### [Work required]
Within this material, how many lines have the string "from" in them? The answer is a number, with nothing added.

### [Records supplied]
text \<open>The rationalizing ordering ranks x above y iff f picks x from the pair {x, y}.\<close>
lemma contraction_consistent_on_highest:
  assumes f: "contraction_consistent_on A f"
  obtains r where "priority_ordering A r"
    and "\<And>T. T \<noteq> {} \<Longrightarrow> T \<subseteq> A \<Longrightarrow> highest r T = f T"
proof
  define r where "r = {(x, y). x \<in> A \<and> y \<in> A \<and> f {x, y} = x}"
  note mem = contraction_consistent_onD(1)[OF f] and contract = contraction_consistent_onD(2)[OF f]
  have "antisym r" unfolding r_def antisym_def by (auto simp: insert_commute)
  have "trans r"
  proof (rule transI)
    fix x y z assume "(x, y) \<in> r" "(y, z) \<in> r"
    then have A: "{x, y, z} \<subseteq> A" and "f {x, y} = x" "f {y, z} = y" unfolding r_def by auto
    moreover have "f {x, y, z} \<in> {x, y, z}" using mem[OF _ A] by blast
    ultimately consider "f {x, y, z} = x" | "x = y" | "y = z"
      using contract[OF A, of "{x, y}"] contract[OF A, of "{y, z}"] by fastforce
    then show "(x, z) \<in> r"
    proof cases
      case 1
      then have "f {x, z} = x" using contract[OF A, of "{x, z}"] by auto
      then show ?thesis using A unfolding r_def by auto
    qed (use \<open>(x, y) \<in> r\<close> \<open>(y, z) \<in> r\<close> in auto)
  qed
  moreover have "(x, y) \<in> r \<or> (y, x) \<in> r" if "x \<in> A" "y \<in> A" for x y
    using mem[of "{x, y}"] that unfolding r_def by (auto simp: insert_commute)
  ultimately show "priority_ordering A r"
    using \<open>antisym r\<close> unfolding priority_ordering_def r_def by blast
  fix T assume T: "T \<noteq> {}" "T \<subseteq> A"
  show "highest r T = f T"
  proof (rule highest_eqI[OF \<open>antisym r\<close>])
    show "f T \<in> T" using mem[OF T] .
    fix y assume "y \<in> T"
    then have "f {f T, y} = f T" using contract[OF T(2), of "{f T, y}"] \<open>f T \<in> T\<close> by auto
    then show "(f T, y) \<in> r" using \<open>y \<in> T\<close> \<open>f T \<in> T\<close> T unfolding r_def by auto
  qed
qed

definition prioritize :: "'a set \<Rightarrow> ('a set \<Rightarrow> 'a) \<Rightarrow> ('a set \<Rightarrow> 'a) \<Rightarrow> 'a set \<Rightarrow> 'a" where
  "prioritize B f g T = (if T \<inter> B \<noteq> {} then f (T \<inter> B) else g T)"

lemma contraction_consistent_on_prioritize:
  assumes f: "contraction_consistent_on B f" and g: "contraction_consistent_on A g"
  shows "contraction_consistent_on A (prioritize B f g)"
proof (rule contraction_consistent_onI)
  have f_mem: "T \<inter> B \<noteq> {} \<Longrightarrow> f (T \<inter> B) \<in> T \<inter> B" for T
    by (rule contraction_consistent_onD(1)[OF f]) auto
  fix T
  show "T \<noteq> {} \<Longrightarrow> T \<subseteq> A \<Longrightarrow> prioritize B f g T \<in> T"
    using f_mem[of T] contraction_consistent_onD(1)[OF g] unfolding prioritize_def by auto
  fix T' assume T: "T \<subseteq> A" "T' \<subseteq> T" "prioritize B f g T \<in> T'"
  show "prioritize B f g T' = prioritize B f g T"
  proof (cases "T \<inter> B = {}")
    case True
    then have "T' \<inter> B = {}" using T(2) by blast
    then show ?thesis
      using True contraction_consistent_onD(2)[OF g T(1,2)] T(3) unfolding prioritize_def by simp
  next
    case False
    then have "f (T \<inter> B) \<in> T' \<inter> B" using f_mem[of T] T(3) unfolding prioritize_def by auto
    moreover have "T' \<inter> B \<subseteq> T \<inter> B" using T(2) by blast
    ultimately show ?thesis
      using contraction_consistent_onD(2)[OF f, of "T \<inter> B" "T' \<inter> B"] False
      unfolding prioritize_def by auto
  qed
qed

locale monotone_substitutable_rule =
  fixes A :: "'a set" and C :: "'a set \<Rightarrow> nat \<Rightarrow> 'a set"
  assumes finite_A: "finite A" and A_nonempty: "A \<noteq> {}" and choice: "choice_rule A C"
    and filling: "capacity_filling A C" and substitutes: "gross_substitutes A C"
    and monotone: "monotonicity A C" and irrelevance: "irrelevance_of_accepted A C"
begin

lemma C_subset: "S \<noteq> {} \<Longrightarrow> S \<subseteq> A \<Longrightarrow> 1 \<le> q \<Longrightarrow> q \<le> card A \<Longrightarrow> C S q \<subseteq> S"
  using choice unfolding choice_rule_def problem_def by blast

lemma card_C: "S \<noteq> {} \<Longrightarrow> S \<subseteq> A \<Longrightarrow> 1 \<le> q \<Longrightarrow> q \<le> card A \<Longrightarrow> card (C S q) = min (card S) q"
  using filling unfolding capacity_filling_def problem_def by blast

lemma C_Suc_mono: "S \<noteq> {} \<Longrightarrow> S \<subseteq> A \<Longrightarrow> 1 \<le> q \<Longrightarrow> q < card A \<Longrightarrow> C S q \<subseteq> C S (Suc q)"
  using monotone unfolding monotonicity_def by simp

lemma C_antimono: "S \<subseteq> A \<Longrightarrow> T \<subseteq> S \<Longrightarrow> x \<in> T \<Longrightarrow> x \<in> C S q \<Longrightarrow> 1 \<le> q \<Longrightarrow> q \<le> card A \<Longrightarrow> x \<in> C T q"
  using gross_substitutes_subset[OF substitutes finite_A] by blast

text \<open>Capacity 0 is not a problem, so C A 0 is a junk value and is replaced by the empty set.\<close>
definition accepted :: "nat \<Rightarrow> 'a set" where
  "accepted k = (if k = 0 then {} else C A k)"

text \<open>On a menu T of alternatives not accepted at capacity k, filling capacity k with
  accepted k leaves exactly one further slot at capacity k + 1; its occupant is the
  choice of the (k+1)-st priority from T.\<close>
definition pick :: "nat \<Rightarrow> 'a set \<Rightarrow> 'a" where
  "pick k T = the_elem (C (T \<union> accepted k) (Suc k) \<inter> T)"

lemma accepted_subset: "k \<le> card A \<Longrightarrow> accepted k \<subseteq> A"
  using C_subset[OF A_nonempty] unfolding accepted_def by simp

lemma card_accepted: "k \<le> card A \<Longrightarrow> card (accepted k) = k"
  using card_C[OF A_nonempty] unfolding accepted_def by simp

lemma C_extend_accepted:
  assumes k: "1 \<le> k" "k \<le> card A" and T: "T \<subseteq> A - accepted k"
  shows "C (T \<union> accepted k) k = accepted k"
proof -
  let ?S = "T \<union> accepted k"
  have S: "?S \<noteq> {}" "?S \<subseteq> A" using k T accepted_subset card_accepted[OF k(2)] by auto
  have "finite (C ?S k)" using C_subset[OF S k] S(2) finite_A by (auto intro: finite_subset)
  moreover have "accepted k \<subseteq> C ?S k"
    using C_antimono[OF subset_refl _ _ _ k] S k unfolding accepted_def by auto
  moreover have "card (C ?S k) \<le> card (accepted k)"
    using card_C[OF S k] card_accepted[OF k(2)] by simp
  ultimately show ?thesis by (rule card_seteq[symmetric])
qed

lemma C_Suc_extend_accepted:
  assumes k: "k < card A" and T: "T \<noteq> {}" "T \<subseteq> A - accepted k"
  shows "C (T \<union> accepted k) (Suc k) \<inter> T = {pick k T}"
proof -
  let ?S = "T \<union> accepted k"
  have S: "?S \<noteq> {}" "?S \<subseteq> A" using k T accepted_subset by auto
  have fin: "finite T" "finite (accepted k)" using S(2) finite_A by (auto intro: finite_subset)
  have disj: "T \<inter> accepted k = {}" using T by blast
  have "card ?S \<ge> Suc k"
    using card_Un_disjoint[OF fin disj] card_accepted k T fin by (simp add: Suc_le_eq card_gt_0_iff)
  then have card_Suc: "card (C ?S (Suc k)) = Suc k" using card_C[OF S] k by simp
  have "accepted k \<subseteq> C ?S (Suc k)"
  proof (cases "k = 0")
    case False
    then show ?thesis
      using C_extend_accepted[of k T] C_Suc_mono[OF S, of k] k T by simp
  qed (simp add: accepted_def)
  moreover have "C ?S (Suc k) \<subseteq> ?S" using C_subset[OF S] k by simp
  ultimately have "C ?S (Suc k) \<inter> T = C ?S (Suc k) - accepted k"
    and "card (C ?S (Suc k) - accepted k) = 1"
    using disj card_Suc card_accepted k fin by (auto simp: card_Diff_subset)
  then obtain x where "C ?S (Suc k) \<inter> T = {x}" by (auto simp: card_1_singleton_iff)
  then show ?thesis unfolding pick_def by simp
qed

lemma pick_contraction_consistent:
  assumes k: "k < card A"
  shows "contraction_consistent_on (A - accepted k) (pick k)"
proof (rule contraction_consistent_onI)
  show "pick k T \<in> T" if "T \<noteq> {}" "T \<subseteq> A - accepted k" for T
    using C_Suc_extend_accepted[OF k that] by auto
  fix T T' assume T: "T \<subseteq> A - accepted k" "T' \<subseteq> T" "pick k T \<in> T'"
  then have T': "T' \<noteq> {}" "T' \<subseteq> A - accepted k" by auto
  have "pick k T \<in> C (T \<union> accepted k) (Suc k)"
    using C_Suc_extend_accepted[OF k _ T(1)] T(2) T' by blast
  moreover have "T \<union> accepted k \<subseteq> A" using T(1) accepted_subset[of k] k by auto
  ultimately have "pick k T \<in> C (T' \<union> accepted k) (Suc k)"
    using C_antimono[of "T \<union> accepted k" "T' \<union> accepted k" "pick k T" "Suc k"] T k by auto
  then have "pick k T \<in> C (T' \<union> accepted k) (Suc k) \<inter> T'" using T(3) by blast
  then show "pick k T' = pick k T" unfolding C_Suc_extend_accepted[OF k T'] by simp
qed

lemma rejected_subset: "S \<subseteq> A \<Longrightarrow> 1 \<le> q \<Longrightarrow> q \<le> card A \<Longrightarrow> rejected C S q \<subseteq> A - accepted q"
  using C_antimono[of A S] unfolding rejected_def accepted_def by auto

lemma C_one:
  assumes "S \<noteq> {}" "S \<subseteq> A"
  shows "C S 1 = {pick 0 S}"
proof -
  have "0 < card A" using A_nonempty finite_A by (simp add: card_gt_0_iff)
  then show ?thesis
    using C_Suc_extend_accepted[of 0 S] C_subset[of S 1] assms unfolding accepted_def by auto
qed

### [Expected answer]
2